‘No blank cheque’ for pension victims

Julian Knight, BBC News 

November 4, 2003

Workers who lost their pensions when their employer went bust are seeing any chance of government compensation slip away. 

Pensions minister Malcolm Wicks on Tuesday told a summit of workers, MPs and pensions experts that to pay compensation would put the government's finances at "grave risk." 

The government has unveiled plans for a compulsory insurance plan to protect the pensions of future workers, but Mr Wicks said that the scheme would not bail out workers pensions retrospectively. 

On Monday, unions representing 800 steelworkers at Allied Steel and Wire (ASW) in Cardiff and Sheerness, Kent, said they would sue the government for failing to protect their members' pensions. 

The summit, organised by the Pensions Action Group, heard from John Benson, 57, an ASW worker who lost his job, redundancy pay and pension when his firm shut up shop last year. 

Mr Benson, his voice cracking with emotion, described what had happened to him as "stealing," and said his health and happiness had been destroyed. 
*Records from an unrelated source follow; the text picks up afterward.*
lemma return_pair:
  assumes "prob_space M" "c \<in> space N1" "f \<in> measurable M N2"
  shows "distr M (N1 \<Otimes>\<^sub>M N2) (\<lambda>x. (c, f x)) = return N1 c \<Otimes>\<^sub>M distr M N2 f"
proof -
  interpret M: prob_space M by fact
  interpret R: prob_space "return N1 c" by (rule prob_space_return) fact
  interpret D: prob_space "distr M N2 f" by (rule M.prob_space_distr) fact
  show ?thesis
  proof (rule pair_measure_eqI[symmetric])
    show "sigma_finite_measure (return N1 c)" by unfold_locales
    show "sigma_finite_measure (distr M N2 f)" by unfold_locales
    show "sets (return N1 c \<Otimes>\<^sub>M distr M N2 f) = sets (distr M (N1 \<Otimes>\<^sub>M N2) (\<lambda>x. (c, f x)))"
      by simp
    fix A B assume A: "A \<in> sets (return N1 c)" and B: "B \<in> sets (distr M N2 f)"
    have m: "(\<lambda>x. (c, f x)) \<in> measurable M (N1 \<Otimes>\<^sub>M N2)"
      using assms by (intro measurable_Pair) auto
    have "emeasure (distr M (N1 \<Otimes>\<^sub>M N2) (\<lambda>x. (c, f x))) (A \<times> B)
        = emeasure M ((\<lambda>x. (c, f x)) -` (A \<times> B) \<inter> space M)"
      using A B by (intro emeasure_distr[OF m]) auto
    also have "(\<lambda>x. (c, f x)) -` (A \<times> B) \<inter> space M = (if c \<in> A then f -` B \<inter> space M else {})"
      by auto
    also have "emeasure M \<dots> = indicator A c * emeasure M (f -` B \<inter> space M)"
      by (auto simp: indicator_def)
    also have "\<dots> = emeasure (return N1 c) A * emeasure (distr M N2 f) B"
      using A B assms by (simp add: emeasure_distr)
    finally show "emeasure (return N1 c) A * emeasure (distr M N2 f) B = emeasure (distr M (N1 \<Otimes>\<^sub>M N2) (\<lambda>x. (c, f x))) (A \<times> B)" ..
  qed
qed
He said he had been forced to take a job as baggage handler at Cardiff airport, against his doctor's advice, in order to make ends meet. 
"I am an honest, loyal, hard working person who has done nothing wrong...I am begging the government to give us our pension," Mr Benson said. 

The ASW case has exposed shortcomings in current pension legislation. 
In July 2002, ASW workers, already reeling from news of their employer's collapse, were shocked to discover that their pension scheme was in deficit. 

Under the 1995 Pensions Act, retired workers enjoy first call on the available funds when an employee pension scheme is wound up. 
In the case of ASW - and many other employee schemes around the UK - members of working age lost 80% of their pensions when their scheme closed. 

Mr Wicks said he was "struck by the sense of injustice and anger" expressed by workers who had lost their pensions. 

Footing the bill 
Mr Wicks reiterated the government's commitment to introduce a US-style pension protection plan, as part of its forthcoming UK Pensions White Paper. 

The insurance plan, funded by a levy on solvent pension schemes, will protect the pensions of workers whose employers go bust. 
However, the plan will be introduced until April 2005, and it will not compensate workers who have already lost out. 

"We can't hold out a blank cheque for fear that it would provide a perverse incentive to a company to close its scheme...some employers may leave their pensions commitments for the government to pick up the tab," Mr Wicks said. 

Mr Wicks admitted this would be "cold comfort" to those who had lost their pensions. 

However, the minister did offer a ray of hope. 

Mr Wicks said he was considering a proposal drawn up by Dr Ros Altmann, governor of the London School of Economics, to help the victims of pension scheme wind-ups. 

Under her proposal, the investment income of the pension scheme, along with cash from the sale of some investments, would be used to pay the annual pensions bill of members as they retire.
This means more members would be able to claim retirement income than if the scheme was wound up. 

The government would still have to bail out the pension scheme in the end. 
But Dr Altmann said it was unlikely that any public funds would be needed for at least five to 10 years, and possibly longer than that, depending on market movements. 

Government sued 
The government may yet end-up footing the bill for the ASW and other UK pension wind-ups. 

The unions are taking the government to the European Court of Justice, claiming it failed to properly implement an EU Directive which would have offered protection to the workers. 

The union's case is based on article eight of the European Insolvency Directive of 1980 which, it says, successive governments have failed to implement in the UK. 

The directive requires European Union member states to protect pension benefits in situations of insolvency. 

The case is due to be heard next February, but the unions are not expecting a decision until the autumn of 2004.